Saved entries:
· · ·

lemma qderiv_scaled_powr:
  fixes q c s :: real and z :: complex
  assumes "0 < q" "q < 1" "z \<noteq> 0"
  shows "2 / ((1 + of_real q) * z) * qderiv q (\<lambda>w. of_real c * w powr of_real s) z
       = of_real (2 * c * (1 - q powr s) / (1 - q\<^sup>2)) * z powr of_real (s - 2)"
proof -
  let ?Q = "complex_of_real q" and ?P = "complex_of_real (q powr s)" and ?Z = "z powr of_real (s - 2)"
  have "1 + ?Q = of_real (1 + q)" "1 - ?Q = of_real (1 - q)"
    by simp_all
  then have nz: "1 + ?Q \<noteq> 0" "1 - ?Q \<noteq> 0"
    using assms by (simp_all only: of_real_eq_0_iff)
  have "z powr of_real s = ?Z * z\<^sup>2"
    using assms powr_add[of z "of_real (s - 2)" 2] by simp
  then have qd: "qderiv q (\<lambda>w. of_real c * w powr of_real s) z
      = of_real c * (1 - ?P) * (?Z * z\<^sup>2) / ((1 - ?Q) * z)"
    unfolding qderiv_def powr_of_real_mult[OF less_imp_le[OF assms(1)]] by (simp add: algebra_simps)
  have "2 / ((1 + ?Q) * z) * qderiv q (\<lambda>w. of_real c * w powr of_real s) z
      = 2 * (of_real c * (1 - ?P)) / ((1 + ?Q) * (1 - ?Q)) * ?Z"
  proof -
    have "2 / (A * z) * (X * (Y * z\<^sup>2) / (B * z)) = 2 * X / (A * B) * Y"
      if "A \<noteq> 0" "B \<noteq> 0" for A B X Y :: complex
      using that assms(3) by (simp add: field_simps power2_eq_square)
    then show ?thesis
      unfolding qd using nz by blast
  qed
  also have "(1 + ?Q) * (1 - ?Q) = of_real (1 - q\<^sup>2)"
    by (simp add: algebra_simps power2_eq_square)
  finally show ?thesis
    by simp
qed

lemma qderiv_powr_series:
  fixes q :: real and c s :: "nat \<Rightarrow> real" and z :: complex
  assumes "0 < q" "q < 1" "z \<noteq> 0"
    and "(\<lambda>k. of_real (c k) * z powr of_real (s k)) sums F z"
    and "(\<lambda>k. of_real (c k) * (of_real q * z) powr of_real (s k)) sums F (of_real q * z)"
  shows "(\<lambda>k. of_real (2 * c k * (1 - q powr s k) / (1 - q\<^sup>2)) * z powr of_real (s k - 2))
           sums (2 / ((1 + of_real q) * z) * qderiv q F z)"
proof -
  have "(\<lambda>k. qderiv q (\<lambda>w. of_real (c k) * w powr of_real (s k)) z) sums qderiv q F z"
    using assms(4,5) by (rule qderiv_sums)
  then have "(\<lambda>k. 2 / ((1 + of_real q) * z) * qderiv q (\<lambda>w. of_real (c k) * w powr of_real (s k)) z)
      sums (2 / ((1 + of_real q) * z) * qderiv q F z)"
    by (rule sums_mult)
  then show ?thesis
    unfolding qderiv_scaled_powr[OF assms(1-3)] .
qed

lemma tendsto_qderiv_powr_mult:
  fixes q \<nu> :: real and z :: complex
  assumes "0 < q" "q < 1" "z \<noteq> 0"
    and "((\<lambda>\<mu>. F \<mu> z) \<longlongrightarrow> G z) (at \<nu>)" "((\<lambda>\<mu>. F \<mu> (of_real q * z)) \<longlongrightarrow> G (of_real q * z)) (at \<nu>)"
  shows "((\<lambda>\<mu>. qderiv q (\<lambda>w. w powr of_real \<mu> * F \<mu> w) z)
           \<longlongrightarrow> qderiv q (\<lambda>w. w powr of_real \<nu> * G w) z) (at \<nu>)"
proof -
  have "(1 - of_real q) * z \<noteq> 0"
    using assms by (simp add: of_real_eq_1_iff)
  then show ?thesis
    unfolding qderiv_def using assms
    by (intro tendsto_intros tendsto_powr_of_real_exponent tendsto_ident_at) auto
qed

lemma I3_qderiv_same_order:
  fixes q \<nu> :: real and z :: complex
  assumes q: "0 < q" "q < 1" and z: "z \<noteq> 0"
  shows "2 / ((1 + of_real q) * z) * qderiv q (\<lambda>w. w powr of_real \<nu> * I3 q \<nu> w) z
       = of_real (q powr (- (\<nu> - 1) / 2))
         * (z powr of_real (\<nu> - 1) * I3 q (\<nu> - 1) (of_real (q powr (1 / 2)) * z))"
proof -
  define c where "c k = I3_coeff q \<nu> k * (1 / 2) powr (\<nu> + 2 * real k)" for k
  define s where "s k = \<nu> + (\<nu> + 2 * real k)" for k
  have "(\<lambda>k. of_real (c k) * w powr of_real (s k)) sums (w powr of_real \<nu> * I3 q \<nu> w)"
    if "w \<noteq> 0" for w
    using I3_scaled_sums[OF q _ that, of 1 \<nu> \<nu>] unfolding c_def s_def by simp
  then have lhs: "(\<lambda>k. of_real (2 * c k * (1 - q powr s k) / (1 - q\<^sup>2)) * z powr of_real (s k - 2))
      sums (2 / ((1 + of_real q) * z) * qderiv q (\<lambda>w. w powr of_real \<nu> * I3 q \<nu> w) z)"
    using q z by (intro qderiv_powr_series) auto
  have rhs: "(\<lambda>k. of_real (q powr (- (\<nu> - 1) / 2)) * (of_real (I3_coeff q (\<nu> - 1) k
        * (q powr (1 / 2) / 2) powr (\<nu> - 1 + 2 * real k)) * z powr of_real (\<nu> - 1 + (\<nu> - 1 + 2 * real k))))
      sums (of_real (q powr (- (\<nu> - 1) / 2))
            * (z powr of_real (\<nu> - 1) * I3 q (\<nu> - 1) (of_real (q powr (1 / 2)) * z)))"
    using q z by (intro sums_mult I3_scaled_sums) auto
  have coeff: "2 * c k * (1 - q powr s k) / (1 - q\<^sup>2)
      = q powr (- (\<nu> - 1) / 2) * (I3_coeff q (\<nu> - 1) k * (q powr (1 / 2) / 2) powr (\<nu> - 1 + 2 * real k))" for k
  proof -
    have "2 * c k * (1 - q powr s k) / (1 - q\<^sup>2)
        = 2 * (1 / 2) powr (\<nu> + 2 * real k) * (I3_coeff q \<nu> k * (1 - q powr (2 * \<nu> + 2 * real k)) / (1 - q\<^sup>2))"
      unfolding c_def s_def by (simp add: algebra_simps)
    also have "\<dots> = (1 / 2) powr (\<nu> - 1 + 2 * real k) * q ^ k * I3_coeff q (\<nu> - 1) k"
      unfolding I3_coeff_lower[OF q] half_powr_pred by (simp add: algebra_simps)
    also have "\<dots> = I3_coeff q (\<nu> - 1) k
        * (q powr ((\<nu> - 1 + 2 * real k - \<nu> + 1) / 2) * (1 / 2) powr (\<nu> - 1 + 2 * real k))"
      using q by (simp add: powr_realpow)
    also have "\<dots> = q powr (- (\<nu> - 1) / 2)
        * (I3_coeff q (\<nu> - 1) k * (q powr (1 / 2) / 2) powr (\<nu> - 1 + 2 * real k))"
      unfolding sqrt_half_powr[OF q(1), symmetric] by (simp only: mult_ac)
    finally show ?thesis .
  qed
  have exponent: "s k - 2 = \<nu> - 1 + (\<nu> - 1 + 2 * real k)" for k
    unfolding s_def by simp
  show ?thesis
    using lhs[unfolded coeff exponent] rhs unfolding of_real_mult mult.assoc by (rule sums_unique2)
qed

lemma I3_qderiv_neg_order:
  fixes q \<nu> :: real and z :: complex
  assumes q: "0 < q" "q < 1" and z: "z \<noteq> 0"
  shows "2 / ((1 + of_real q) * z) * qderiv q (\<lambda>w. w powr of_real \<nu> * I3 q (- \<nu>) w) z
       = of_real (q powr (- (\<nu> - 1) / 2))
         * (z powr of_real (\<nu> - 1) * I3 q (1 - \<nu>) (of_real (q powr (1 / 2)) * z))"
proof -
  define c where "c k = I3_coeff q (- \<nu>) k * (1 / 2) powr (- \<nu> + 2 * real k)" for k
  define s where "s k = \<nu> + (- \<nu> + 2 * real k)" for k
  have "(\<lambda>k. of_real (c k) * w powr of_real (s k)) sums (w powr of_real \<nu> * I3 q (- \<nu>) w)"
    if "w \<noteq> 0" for w
    using I3_scaled_sums[OF q _ that, of 1 "- \<nu>" \<nu>] unfolding c_def s_def by simp
  then have "(\<lambda>k. of_real (2 * c k * (1 - q powr s k) / (1 - q\<^sup>2)) * z powr of_real (s k - 2))
      sums (2 / ((1 + of_real q) * z) * qderiv q (\<lambda>w. w powr of_real \<nu> * I3 q (- \<nu>) w) z)"
    using q z by (intro qderiv_powr_series) auto
  \<comment> \<open>the \<open>k = 0\<close> term is a constant, which the q-derivative annihilates\<close>
  then have lhs: "(\<lambda>j. of_real (2 * c (Suc j) * (1 - q powr s (Suc j)) / (1 - q\<^sup>2))
        * z powr of_real (s (Suc j) - 2))
      sums (2 / ((1 + of_real q) * z) * qderiv q (\<lambda>w. w powr of_real \<nu> * I3 q (- \<nu>) w) z)"
    using q(1) by (subst sums_Suc_iff) (simp add: s_def)
  have rhs: "(\<lambda>j. of_real (q powr (- (\<nu> - 1) / 2)) * (of_real (I3_coeff q (1 - \<nu>) j
        * (q powr (1 / 2) / 2) powr (1 - \<nu> + 2 * real j)) * z powr of_real (\<nu> - 1 + (1 - \<nu> + 2 * real j))))
      sums (of_real (q powr (- (\<nu> - 1) / 2))
            * (z powr of_real (\<nu> - 1) * I3 q (1 - \<nu>) (of_real (q powr (1 / 2)) * z)))"
    using q z by (intro sums_mult I3_scaled_sums) auto
  have coeff: "2 * c (Suc j) * (1 - q powr s (Suc j)) / (1 - q\<^sup>2)
      = q powr (- (\<nu> - 1) / 2) * (I3_coeff q (1 - \<nu>) j * (q powr (1 / 2) / 2) powr (1 - \<nu> + 2 * real j))" for j
  proof -
    have "s (Suc j) = real (2 * Suc j)"
      by (simp add: s_def)
    then have "q powr s (Suc j) = q ^ (2 * Suc j)"
      by (simp only: powr_realpow[OF q(1)])
    then have "2 * c (Suc j) * (1 - q powr s (Suc j)) / (1 - q\<^sup>2)
        = 2 * (1 / 2) powr (- \<nu> + 2 * real (Suc j))
          * (I3_coeff q (- \<nu>) (Suc j) * (1 - q ^ (2 * Suc j)) / (1 - q\<^sup>2))"
      unfolding c_def by (simp add: algebra_simps)
    also have "\<dots> = (1 / 2) powr (1 - \<nu> + 2 * real j) * q powr (1 - \<nu> + real j) * I3_coeff q (1 - \<nu>) j"
      unfolding I3_coeff_raise[OF q] half_powr_pred by (simp add: algebra_simps)
    also have "\<dots> = I3_coeff q (1 - \<nu>) j
        * (q powr ((1 - \<nu> + 2 * real j - \<nu> + 1) / 2) * (1 / 2) powr (1 - \<nu> + 2 * real j))"
    proof -
      have "(1 - \<nu> + 2 * real j - \<nu> + 1) / 2 = 1 - \<nu> + real j"
        by (simp add: field_simps)
      then show ?thesis
        by (simp only: mult_ac)
    qed
    also have "\<dots> = q powr (- (\<nu> - 1) / 2)
        * (I3_coeff q (1 - \<nu>) j * (q powr (1 / 2) / 2) powr (1 - \<nu> + 2 * real j))"
      unfolding sqrt_half_powr[OF q(1), symmetric] by (simp only: mult_ac)
    finally show ?thesis .
  qed
  have exponent: "s (Suc j) - 2 = \<nu> - 1 + (1 - \<nu> + 2 * real j)" for j
    unfolding s_def by simp
  show ?thesis
    using lhs[unfolded coeff exponent] rhs unfolding of_real_mult mult.assoc by (rule sums_unique2)
qed

section \<open>The function K3\<close>

definition K3_factor :: "real \<Rightarrow> real \<Rightarrow> real" where
  "K3_factor q \<nu> = 1 / 2 * q powr (- (\<nu>\<^sup>2) + \<nu>) * qGamma (q\<^sup>2) \<nu> * qGamma (q\<^sup>2) (1 - \<nu>)"

lemma K3_formula_eq_factor: "K3_formula q \<nu> z = of_real (K3_factor q \<nu>) * (I3 q (- \<nu>) z - I3 q \<nu> z)"
  unfolding K3_formula_def K3_factor_def ..

lemma K3_factor_reflect: "K3_factor q (1 - \<nu>) = K3_factor q \<nu>"
proof -
  have "- ((1 - \<nu>)\<^sup>2) + (1 - \<nu>) = - (\<nu>\<^sup>2) + \<nu>"
    by (simp add: power2_eq_square algebra_simps)
  moreover have "1 - (1 - \<nu>) = \<nu>"
    by simp
  ultimately show ?thesis
    unfolding K3_factor_def by (simp only: mult_ac)
qed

· · ·

TASK DESCRIPTION: The first line of the entries, the line with "k)) z) sums", and every line between them should be retyped exactly, and nothing else.

EXPECTED ANSWER:
lemma qderiv_scaled_powr:
  fixes q c s :: real and z :: complex
  assumes "0 < q" "q < 1" "z \<noteq> 0"
  shows "2 / ((1 + of_real q) * z) * qderiv q (\<lambda>w. of_real c * w powr of_real s) z
       = of_real (2 * c * (1 - q powr s) / (1 - q\<^sup>2)) * z powr of_real (s - 2)"
proof -
  let ?Q = "complex_of_real q" and ?P = "complex_of_real (q powr s)" and ?Z = "z powr of_real (s - 2)"
  have "1 + ?Q = of_real (1 + q)" "1 - ?Q = of_real (1 - q)"
    by simp_all
  then have nz: "1 + ?Q \<noteq> 0" "1 - ?Q \<noteq> 0"
    using assms by (simp_all only: of_real_eq_0_iff)
  have "z powr of_real s = ?Z * z\<^sup>2"
    using assms powr_add[of z "of_real (s - 2)" 2] by simp
  then have qd: "qderiv q (\<lambda>w. of_real c * w powr of_real s) z
      = of_real c * (1 - ?P) * (?Z * z\<^sup>2) / ((1 - ?Q) * z)"
    unfolding qderiv_def powr_of_real_mult[OF less_imp_le[OF assms(1)]] by (simp add: algebra_simps)
  have "2 / ((1 + ?Q) * z) * qderiv q (\<lambda>w. of_real c * w powr of_real s) z
      = 2 * (of_real c * (1 - ?P)) / ((1 + ?Q) * (1 - ?Q)) * ?Z"
  proof -
    have "2 / (A * z) * (X * (Y * z\<^sup>2) / (B * z)) = 2 * X / (A * B) * Y"
      if "A \<noteq> 0" "B \<noteq> 0" for A B X Y :: complex
      using that assms(3) by (simp add: field_simps power2_eq_square)
    then show ?thesis
      unfolding qd using nz by blast
  qed
  also have "(1 + ?Q) * (1 - ?Q) = of_real (1 - q\<^sup>2)"
    by (simp add: algebra_simps power2_eq_square)
  finally show ?thesis
    by simp
qed

lemma qderiv_powr_series:
  fixes q :: real and c s :: "nat \<Rightarrow> real" and z :: complex
  assumes "0 < q" "q < 1" "z \<noteq> 0"
    and "(\<lambda>k. of_real (c k) * z powr of_real (s k)) sums F z"
    and "(\<lambda>k. of_real (c k) * (of_real q * z) powr of_real (s k)) sums F (of_real q * z)"
  shows "(\<lambda>k. of_real (2 * c k * (1 - q powr s k) / (1 - q\<^sup>2)) * z powr of_real (s k - 2))
           sums (2 / ((1 + of_real q) * z) * qderiv q F z)"
proof -
  have "(\<lambda>k. qderiv q (\<lambda>w. of_real (c k) * w powr of_real (s k)) z) sums qderiv q F z"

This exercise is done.